On June 8, 2018, 25 student-athletes and five coaches from Lithuania, Latvia, Estonia, Armenia, and Georgia, gathered in a conference room inside the Flawn Academic Center on the University of Texas campus.
The U.S. State Department and FHI360 brought this group of young people to the United States as part of their Sports Visitor and Sports Envoy program. Over their two-week visit in Texas, the students attended workshops on U.S. sports and society, conflict resolution and tolerance, and media literacy, in addition to completing volunteer projects.
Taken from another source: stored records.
(* Let $m\ge 2$, and let $\omega=\sum_i\omega_i|e_i\rangle\langle e_i|$ and $\omega'=\sum_i\omega'_i|f_i\rangle\langle f_i|$ be $n$-dimensional density matrices, diagonal in (possibly different) orthonormal bases $\{|e_i\rangle\}$ and $\{|f_i\rangle\}$. Suppose $\omega\otimes\frac{1}{m}\mathbb{I}_m\succ\omega'\otimes|0\rangle\langle 0|$. Then there exists a density matrix $\tilde\omega=\sum_i\tilde\omega_i|e_i\rangle\langle e_i|$, diagonal in the basis $\{|e_i\rangle\}$, such that $d(\omega,\omega')\ge d(\omega,\tilde\omega)$ and $\omega\otimes\frac{1}{m}\mathbb{I}_m\succ\tilde\omega\otimes|0\rangle\langle 0|$.
   Context: For density matrices $\rho,\sigma$, $\rho\succ\sigma$ means that the vector of eigenvalues of $\rho$ majorizes that of $\sigma$ (vectors padded with zeros to equal length): the sum of the $k$ largest eigenvalues of $\rho$ is at least that of $\sigma$ for every $k$. $|0\rangle$ is a unit vector in $\mathbb{C}^m$. The trace distance is $d(\omega,\omega')=\frac12\|\omega-\omega'\|_1$. *)

theory Defs
  imports "Jordan_Normal_Form.Schur_Decomposition" "Jordan_Normal_Form.Char_Poly"
    "HOL-Library.Multiset"
begin

definition ket_bra :: "complex vec \<Rightarrow> complex vec \<Rightarrow> complex mat" where
  "ket_bra v w = mat (dim_vec v) (dim_vec w) (\<lambda>(i,j). v $ i * cnj (w $ j))"

definition hermitian_mat :: "complex mat \<Rightarrow> bool" where
  "hermitian_mat A \<longleftrightarrow> square_mat A \<and> mat_adjoint A = A"

definition psd_mat :: "complex mat \<Rightarrow> bool" where
  "psd_mat A \<longleftrightarrow> hermitian_mat A \<and>
     (\<forall>v \<in> carrier_vec (dim_row A). 0 \<le> Re ((A *\<^sub>v v) \<bullet>c v))"

definition mtrace :: "complex mat \<Rightarrow> complex" where
  "mtrace A = (\<Sum>i<dim_row A. A $$ (i,i))"

definition density_mat :: "nat \<Rightarrow> complex mat \<Rightarrow> bool" where
  "density_mat n A \<longleftrightarrow> A \<in> carrier_mat n n \<and> psd_mat A \<and> mtrace A = 1"

definition orthonormal_basis :: "nat \<Rightarrow> (nat \<Rightarrow> complex vec) \<Rightarrow> bool" where
  "orthonormal_basis n e \<longleftrightarrow> (\<forall>i<n. e i \<in> carrier_vec n) \<and>
     (\<forall>i<n. \<forall>j<n. e i \<bullet>c e j = (if i = j then 1 else 0))"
Although much of their trip to the U.S. was spent in San Antonio, they made the journey up to Austin and stopped in for a visit with the Center for Sports Leadership & Innovation and a quick session about the important concepts of vulnerability and empathy–two ideas that are cornerstones of CSLi’s approach to bettering the culture of sports.
CSLi’s senior administrative program coordinator Taylor Brown kicked off the session with a video from his collegiate rowing career. His senior season, Brown Men’s Crew pulled off a massive come-from-behind upset of Harvard to win the Eastern Associate of Rowing College (EARC) Sprints and the Ivy League title.
“I showed that video because I really believe that sports, particularly racing, cuts across all cultures,” Brown said. “In every culture in the world, there’s a form of racing, and everyone speaks the language of winning or losing. So having that to say, ‘I was an athlete. I’ve been through where you are. I know what it’s like to be a high school athlete and think you have to be tough.’ There’s this prescription of what an athlete is supposed to be, and [CSLi is] trying to remold what an athlete looks like in today’s modern society.”
First, Brown explained the concepts of vulnerability and empathy, and then the student-athletes participated in a series of activities to explore the concepts more deeply.
One exercise in particular seemed to energize the group. Four volunteers were given a scenario to act out in which each person has a unique set of circumstances, concerns, and inner struggles. Then, using the concepts of vulnerability and empathy, the audience gave advice about how the conflict could be resolved.
“They seemed engaged and interested,” said Evan Campbell, a senior program associate at FHI360 who traveled with the group. “They like the interactive things like this, and I think they are in general a very thoughtful group, so they seem to be taking things in and really absorbing them.”
“The session was really helpful for me,” Ana Tonoiani, a student-athlete from Georgia, said. “It’s taught me that it’s ok to open up, and it’s ok to show your weaknesses to others.”
For Brown and CSLi founding director Daron Roberts spreading the Center’s message about a new kind of athlete beyond the borders of the United States is important.
“Vulnerability and empathy really at its core is a human thing,” Brown said, “it’s not only an athlete thing, but we think that it has tons of applications in sports.”